# Activity
Among the entries, find each line that includes the string "then" and list it.
===============
(* $\operatorname{BWT}_2\times\lim\le_{\mathrm{sW}}\operatorname{Proj}^-_\mathbb{R}$.
   Context: Represented spaces: a representation of a set $X$ is a partial surjection $\delta_X:\subseteq\mathbb{N}^\mathbb{N}\to X$. For a partial multi-valued function $f:\subseteq X\rightrightarrows Y$, a realizer is a partial $F:\subseteq\mathbb{N}^\mathbb{N}\to\mathbb{N}^\mathbb{N}$ with $\delta_Y(F(p))\in f(\delta_X(p))$ for all $p$ with $\delta_X(p)\in\mathrm{dom}(f)$. Strong Weihrauch reducibility $f\le_{\mathrm{sW}}g$: there are computable partial $H,K:\subseteq\mathbb{N}^\mathbb{N}\to\mathbb{N}^\mathbb{N}$ with $H\circ G\circ K$ a realizer of $f$ for every realizer $G$ of $g$. For multi-valued $f,g$, the product $f\times g$ maps $(x,y)\in\mathrm{dom}(f)\times\mathrm{dom}(g)$ to $f(x)\times g(y)$. $\operatorname{BWT}_2:\{0,1\}^\mathbb{N}\rightrightarrows\{0,1\}$ maps a binary sequence to the set of values occurring in it infinitely often. $\lim:\subseteq(\mathbb{N}^\mathbb{N})^\mathbb{N}\to\mathbb{N}^\mathbb{N}$ maps a convergent sequence in Baire space to its limit. $\mathbb{R}$ has the Cauchy representation. $\mathcal{A}_-(\mathbb{R})$: closed subsets of $\mathbb{R}$, a name of $A$ being an enumeration of rational open intervals whose union is $\mathbb{R}\setminus A$. $\operatorname{Proj}^-_\mathbb{R}:\subseteq\mathbb{R}\times\mathcal{A}_-(\mathbb{R})\rightrightarrows\mathbb{R}$ maps $(x,A)$ with $A$ nonempty closed to the set of $y\in A$ with $|x-y|=d(x,A)$. *)

theory Defs
  imports "HOL-Analysis.Analysis" "HOL-Library.Nat_Bijection"
begin
theorem mainTheorem7:
  fixes \<phi> :: "real \<Rightarrow> real" and \<gamma> H :: real
    and a :: "'m::finite \<Rightarrow> real"
    and n :: nat and x :: "nat \<Rightarrow> real^'d::finite" and y :: "nat \<Rightarrow> real"
    and \<alpha> \<omega> \<delta> R Rmax Rmin CR :: real
  assumes act: "leaky_smooth \<phi> \<gamma> H"
    and a_def: "\<forall>j. a j = 1 / sqrt (real CARD('m)) \<or> a j = - 1 / sqrt (real CARD('m))"
    and n_pos: "n \<ge> 1"
    and y_def: "\<forall>i<n. y i = 1 \<or> y i = -1"
    and R_def: "R = Max {norm (x i) / norm (x j) | i j. i < n \<and> j < n}"
    and Rmax_def: "Rmax = Max {norm (x i) | i. i < n}"
    and Rmin_def: "Rmin = Min {norm (x i) | i. i < n}"
    and CR_def: "CR = 10 * R^2 / \<gamma>^2 + 10"
    and near_orth: "\<forall>i<n. \<forall>k<n. k \<noteq> i \<longrightarrow>
         norm (x i)^2 \<ge> 5 / \<gamma>^2 * CR * real n * \<bar>x i \<bullet> x k\<bar>"
    and delta: "0 < \<delta>" "\<delta> < 1"
    and alpha_pos: "0 < \<alpha>"
    and A1: "\<alpha> \<le> \<gamma>^2 / (5 * real n * Rmax^2 * R^2 * CR * max 1 H)"
    and omega_pos: "0 < \<omega>"
    and A2: "\<omega> \<le> \<alpha> * \<gamma>^2 * Rmin /
         (72 * R * CR * real n * sqrt (real CARD('m) * real CARD('d) * ln (4 * real CARD('m) / \<delta>)))"
  shows "\<exists>E \<in> sets (init_measure \<omega> :: (real^'d^'m) measure).
           measure (init_measure \<omega>) E \<ge> 1 - \<delta> \<and>
           (\<forall>W0\<in>E. \<forall>t. \<forall>i<n. \<forall>j<n.
              deriv logistic (y i * net \<phi> a (gd_iter (emp_risk \<phi> a n x y) \<alpha> W0 t) (x i))
              / deriv logistic (y j * net \<phi> a (gd_iter (emp_risk \<phi> a n x y) \<alpha> W0 t) (x j))
              \<le> CR)"
proof -
  define s where "s = sqrt (real CARD('m) * real CARD('d) * ln (4 * real CARD('m) / \<delta>))"
  have \<gamma>: "0 < \<gamma>" "\<gamma>^2 \<le> 1" using act unfolding leaky_smooth_def by (auto simp: power_le_one)
  have CR: "9 * R^2 \<le> CR * \<gamma>^2" "3 \<le> CR" "10 \<le> CR"
    using \<gamma> unfolding CR_def by (simp_all add: field_simps)
  have a2: "\<forall>j. (a j)^2 = 1 / real CARD('m)"
  proof
    fix j show "(a j)^2 = 1 / real CARD('m)"
      using a_def[rule_format, of j] by (elim disjE) (simp_all add: power_divide)
  qed
  note bounds = step_size_and_init_scale_bounds[OF R_def Rmax_def Rmin_def n_pos \<gamma>(2) CR(3) alpha_pos
      omega_pos A1 A2[folded s_def]]
  have "\<forall>W0\<in>{W. norm W \<le> 2 * \<omega> * s}. \<forall>t. \<forall>i<n. \<forall>j<n.
          deriv logistic (y i * net \<phi> a (gd_iter (emp_risk \<phi> a n x y) \<alpha> W0 t) (x i))
          / deriv logistic (y j * net \<phi> a (gd_iter (emp_risk \<phi> a n x y) \<alpha> W0 t) (x j)) \<le> CR"
  proof (intro ballI allI impI)
    fix W0 :: "real^'d^'m" and t i j assume W0: "W0 \<in> {W. norm W \<le> 2 * \<omega> * s}" and ij: "i < n" "j < n"
    have "\<bar>net \<phi> a W0 (x k)\<bar> \<le> 1/2" if k: "k < n" for k
    proof -
      have "norm W0 * norm (x k) \<le> 2 * \<omega> * s * norm (x k)"
        using W0 by (intro mult_right_mono) auto
      also have "\<dots> \<le> 1/2" using bounds(3) k by blast
      finally show ?thesis using net_abs_le[OF act a2, of W0 "x k"] by linarith
    qed
    then show "deriv logistic (y i * net \<phi> a (gd_iter (emp_risk \<phi> a n x y) \<alpha> W0 t) (x i))
          / deriv logistic (y j * net \<phi> a (gd_iter (emp_risk \<phi> a n x y) \<alpha> W0 t) (x j)) \<le> CR"
      using ij by (intro gd_logistic_deriv_ratio_le[OF act a2 y_def CR(1,2) near_orth bounds(1)
            less_imp_le[OF alpha_pos] bounds(2)]) auto
  qed
  then show ?thesis
    using init_measure_norm_le_whp[OF omega_pos delta] unfolding s_def by blast
qed

end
===============
# Reply to the exercise
    then show "deriv logistic (y i * net \<phi> a (gd_iter (emp_risk \<phi> a n x y) \<alpha> W0 t) (x i))
  then show ?thesis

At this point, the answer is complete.